On Tue, 2003-09-09 at 15:02, Daniel Hartmeier wrote:
On Tue, Sep 09, 2003 at 11:04:23AM -0500, Steve Mertz wrote:
> Does anyone have any ideas why this is happening? And how to stop it?
I tried to reproduce this, but couldn't. I set up an IP forwarder with
two nics (gem0 10.1.1.10/8, kue0 192.168.1.10/16) and connect a box with
address 192.168.2.6 to the kue0 segment.
My networks were 10.10.10.0/24 and 10.10.11.0/24. Could this be a
factor in why you couldn't reproduce it? Your networks are completely
different where as mine are very similar?
When I send a dhcp query from the client with
cat payload | \
dnet udp sport 68 dport 67 | \
dnet ip proto udp src 0.0.0.0 dst 255.255.255.255 | \
dnet eth type ip src 0:0:39:63:f0:8a dst ff:ff:ff:ff:ff:ff | \
dnet send fxp0
I see it arrive on kue0 on the firewall. But even with pf completely
disabled and IP forwarding turned on, the packet is NOT sent out on
gem0. If I load the rule
block in log quick on kue0 inet proto udp from any to any port 67
and enable pf on the forwarder, I see pf matching the rule and blocking
the packet, logging it as
Sep 09 21:42:14.295462 rule 0/0(match): block in on kue0: 0.0.0.0.68 >
255.255.255.255.67: bootp...
And the packet doesn't appear on gem0, either. Other udp traffic (like
DNS or nc -u) gets forwarded successfully.
> I've attached my pf.conf. If you need more info, please let me know.
> If you would like log files, then let me know what kind, and how to
> obtain them, as I'm new to playing with tcpdump and the like.
The fact that even with pf disabled, the broadcast shouldn't get
forwarded, indicates that it's not a pf problem at all. There's a couple
of possible explanations for the forwarding:
a) do you have bridge enabled (brconfig -a)?
No.
b) do you have any bpf/pcap listeners running on the firewall that
might forward the request? dhcpd, bootp (check inetd.conf) or
dhcrelay might do that, among others. kill any userland process
that isn't required for the test, and repeat.
Nope.
c) can you verify that your second interface is REALLY sending out
the dhcp request? run tcpdump and make sure you're not dumping
_incoming_ packets from other sources.
Yes. If I tcpdump, both nics, I can watch the packets come in on rl0,
go out on rl1, then come back in rl1 and go out rl0.
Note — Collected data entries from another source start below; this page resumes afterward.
(* Let $(c_k)_{k\ge0}$ be any non-decreasing positive sequence. Under the DecSPS-NS stepsize (defined in the context), for every $k\in\mathbb{N}$, $\frac{c_0\gamma_\ell}{c_k}\le\gamma_k\le\frac{c_0\gamma_b}{c_k}$, and $\gamma_k\le\gamma_{k-1}$.
   Context: For $\mathcal S\subseteq[n]$, $f_{\mathcal S}:=\frac1{|\mathcal S|}\sum_{i\in\mathcal S}f_i$ with each $f_i:\mathbb{R}^d\to\mathbb{R}$ convex and lower bounded, $f^*_{\mathcal S}:=\inf_xf_{\mathcal S}(x)$, $\ell^*_{\mathcal S}$ a given real number with $\ell^*_{\mathcal S}\le f^*_{\mathcal S}$, and $g_{\mathcal S}(x)$ a subgradient of $f_{\mathcal S}$ at $x$. For any sequence of minibatches $\mathcal S_k$ and points $x^k$ with $g_{\mathcal S_k}(x^k)\neq0$, the DecSPS-NS stepsize is $\gamma_k:=\frac1{c_k}\min\left\{\max\left\{c_0\gamma_\ell,\ \frac{f_{\mathcal S_k}(x^k)-\ell^*_{\mathcal S_k}}{\|g_{\mathcal S_k}(x^k)\|^2}\right\},\ c_{k-1}\gamma_{k-1}\right\}$ for $k\ge0$, with $c_{-1}=c_0$, $\gamma_{-1}=\gamma_b$, where $0<\gamma_\ell\le\gamma_b$ are fixed constants. *)

theory Defs
  imports "HOL-Analysis.Analysis"
begin

definition fS :: "(nat \<Rightarrow> real ^ 'd \<Rightarrow> real) \<Rightarrow> nat set \<Rightarrow> real ^ 'd \<Rightarrow> real" where
  "fS f S x = (\<Sum>i\<in>S. f i x) / real (card S)"

text \<open>Index k of the paper is k here; the convention
  c_{-1} = c_0, gamma_{-1} = gamma_b is built into the k = 0 equation.
  q k is the Polyak ratio (f_{S_k}(x^k) - l*_{S_k}) / ||g_{S_k}(x^k)||^2.\<close>
primrec decsps_ns :: "(nat \<Rightarrow> real) \<Rightarrow> real \<Rightarrow> real \<Rightarrow> (nat \<Rightarrow> real) \<Rightarrow> nat \<Rightarrow> real" where
  "decsps_ns c gl gb q 0 = (1 / c 0) * min (max (c 0 * gl) (q 0)) (c 0 * gb)"
| "decsps_ns c gl gb q (Suc k) =
     (1 / c (Suc k)) * min (max (c 0 * gl) (q (Suc k))) (c k * decsps_ns c gl gb q k)"

end

theory Submission
  imports Defs
begin

text \<open>The scaled stepsize \<open>c k * \<gamma> k\<close> is the Polyak ratio clipped from below by \<open>c 0 * gl\<close>
  and from above by the previous scaled stepsize, the first upper clip being \<open>c 0 * gb\<close>.
  Hence it stays in \<open>[c 0 * gl, c 0 * gb]\<close> and is non-increasing, whatever the ratios are;
  dividing by the non-decreasing \<open>c k\<close> keeps \<open>\<gamma> k\<close> non-increasing.\<close>

lemma decsps_ns_0_scaled:
  assumes "c 0 \<noteq> 0"
  shows "c 0 * decsps_ns c gl gb q 0 = min (max (c 0 * gl) (q 0)) (c 0 * gb)"
  using assms by simp

lemma decsps_ns_Suc_scaled:
  assumes "c (Suc k) \<noteq> 0"
  shows "c (Suc k) * decsps_ns c gl gb q (Suc k)
           = min (max (c 0 * gl) (q (Suc k))) (c k * decsps_ns c gl gb q k)"
  using assms by simp

lemma decsps_ns_scaled_bounds:
  fixes c :: "nat \<Rightarrow> real"
  assumes c_pos: "\<And>k. c k > 0" and gl_le_gb: "gl \<le> gb"
  shows "c 0 * gl \<le> c k * decsps_ns c gl gb q k \<and> c k * decsps_ns c gl gb q k \<le> c 0 * gb"
proof (induction k)
  case 0
  have "c 0 * gl \<le> c 0 * gb"
    using c_pos[of 0] gl_le_gb by simp
  then show ?case
    using c_pos[of 0] by (simp only: decsps_ns_0_scaled) linarith
next
  case (Suc k)
  then show ?case
    using c_pos[of "Suc k"] by (simp only: decsps_ns_Suc_scaled) linarith
qed

lemma decsps_ns_nonneg:
  fixes c :: "nat \<Rightarrow> real"
  assumes c_pos: "\<And>k. c k > 0" and gl_nonneg: "0 \<le> gl" and gl_le_gb: "gl \<le> gb"
  shows "0 \<le> decsps_ns c gl gb q k"
proof -
  have "0 \<le> c 0 * gl"
    using c_pos[of 0] gl_nonneg by simp
  also have "\<dots> \<le> c k * decsps_ns c gl gb q k"
    using decsps_ns_scaled_bounds[where c=c, OF c_pos gl_le_gb] by blast
  finally have "0 \<le> c k * decsps_ns c gl gb q k" .
  then show ?thesis
    using c_pos[of k] by (simp add: zero_le_mult_iff)
qed

lemma decsps_ns_Suc_le:
  fixes c :: "nat \<Rightarrow> real"
  assumes c_pos: "\<And>k. c k > 0" and c_mono: "mono c"
    and gl_nonneg: "0 \<le> gl" and gl_le_gb: "gl \<le> gb"
  shows "decsps_ns c gl gb q (Suc k) \<le> decsps_ns c gl gb q k"
proof -
  let ?\<gamma> = "decsps_ns c gl gb q"
  have "c (Suc k) * ?\<gamma> (Suc k) \<le> c k * ?\<gamma> k"
    using c_pos[of "Suc k"] by (simp add: decsps_ns_Suc_scaled)
  also have "\<dots> \<le> c (Suc k) * ?\<gamma> k"
    using c_mono decsps_ns_nonneg[where c=c, OF c_pos gl_nonneg gl_le_gb]
    by (intro mult_right_mono) (auto simp: monoD)
  finally show ?thesis
    by (metis c_pos mult_le_cancel_left_pos)
qed

theorem lemma6:
  fixes n :: nat
    and f :: "nat \<Rightarrow> real ^ 'd \<Rightarrow> real"
    and ell :: "nat set \<Rightarrow> real"
    and g :: "nat set \<Rightarrow> real ^ 'd \<Rightarrow> real ^ 'd"
    and Sk :: "nat \<Rightarrow> nat set"
    and xk :: "nat \<Rightarrow> real ^ 'd"
    and c :: "nat \<Rightarrow> real"
    and gl gb :: real
  assumes convex: "\<And>i. i \<in> {1..n} \<Longrightarrow> convex_on UNIV (f i)"
    and lower_bdd: "\<And>i. i \<in> {1..n} \<Longrightarrow> bdd_below (range (f i))"
    and ell_le: "\<And>S. S \<subseteq> {1..n} \<Longrightarrow> S \<noteq> {} \<Longrightarrow> ell S \<le> (INF x. fS f S x)"
    and subgrad: "\<And>S x y. S \<subseteq> {1..n} \<Longrightarrow> S \<noteq> {} \<Longrightarrow>
                    fS f S y \<ge> fS f S x + g S x \<bullet> (y - x)"
    and batches: "\<And>k. Sk k \<subseteq> {1..n} \<and> Sk k \<noteq> {}"
    and g_nz: "\<And>k. g (Sk k) (xk k) \<noteq> 0"
    and c_pos: "\<And>k. c k > 0"
    and c_mono: "mono c"
    and gl_pos: "0 < gl" and gl_le_gb: "gl \<le> gb"
  defines "\<gamma> \<equiv> decsps_ns c gl gb
             (\<lambda>k. (fS f (Sk k) (xk k) - ell (Sk k)) / (norm (g (Sk k) (xk k)))\<^sup>2)"
  shows "(\<forall>k. c 0 * gl / c k \<le> \<gamma> k \<and> \<gamma> k \<le> c 0 * gb / c k)
         \<and> \<gamma> 0 \<le> gb \<and> (\<forall>k. \<gamma> (Suc k) \<le> \<gamma> k)"
proof -
  have bounds: "c 0 * gl / c k \<le> \<gamma> k \<and> \<gamma> k \<le> c 0 * gb / c k" for k
    using decsps_ns_scaled_bounds[where c=c, OF c_pos gl_le_gb, where k=k] c_pos[of k]
    unfolding \<gamma>_def by (simp add: pos_divide_le_eq pos_le_divide_eq mult.commute)
  moreover have "\<gamma> 0 \<le> gb"
    using bounds[of 0] c_pos[of 0] by simp
  moreover have "\<gamma> (Suc k) \<le> \<gamma> k" for k
    unfolding \<gamma>_def using gl_pos gl_le_gb by (intro decsps_ns_Suc_le c_pos c_mono) auto
  ultimately show ?thesis
    by blast
qed

end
d) you mentioned specific hardware (openbrick), does it do anything
in hardware that might explain this behaviour? if you repeat the
test with ifconfig down'ed interfaces, do they maybe work as hub
independantly of the OS?
No. It's a PC with 3 onboard nics, nothing really special about it.
e) are you absolutely sure there's nothing else bridging the two
local networks? like a tiny little hub somewhere? :)
I'm quite positive.
I did some more testing. I disabled pf, and did some tests.
1) I tried to connect to the wan from the lan (going through the
firewall) and could not.
2) I could connect to a machine on my lan from the firewall
3) I could connect to a machine on my wan from the firewall.
4) DHCP packets still made it through. As before I could see them
coming in on rl0, go out no rl1, then back through the other way.
Back info: I use to have a SonicWall as our firewall here. And it was
happily working. Then it started to flake out
Bob Beck also tried to reproduce this, and couldn't, either.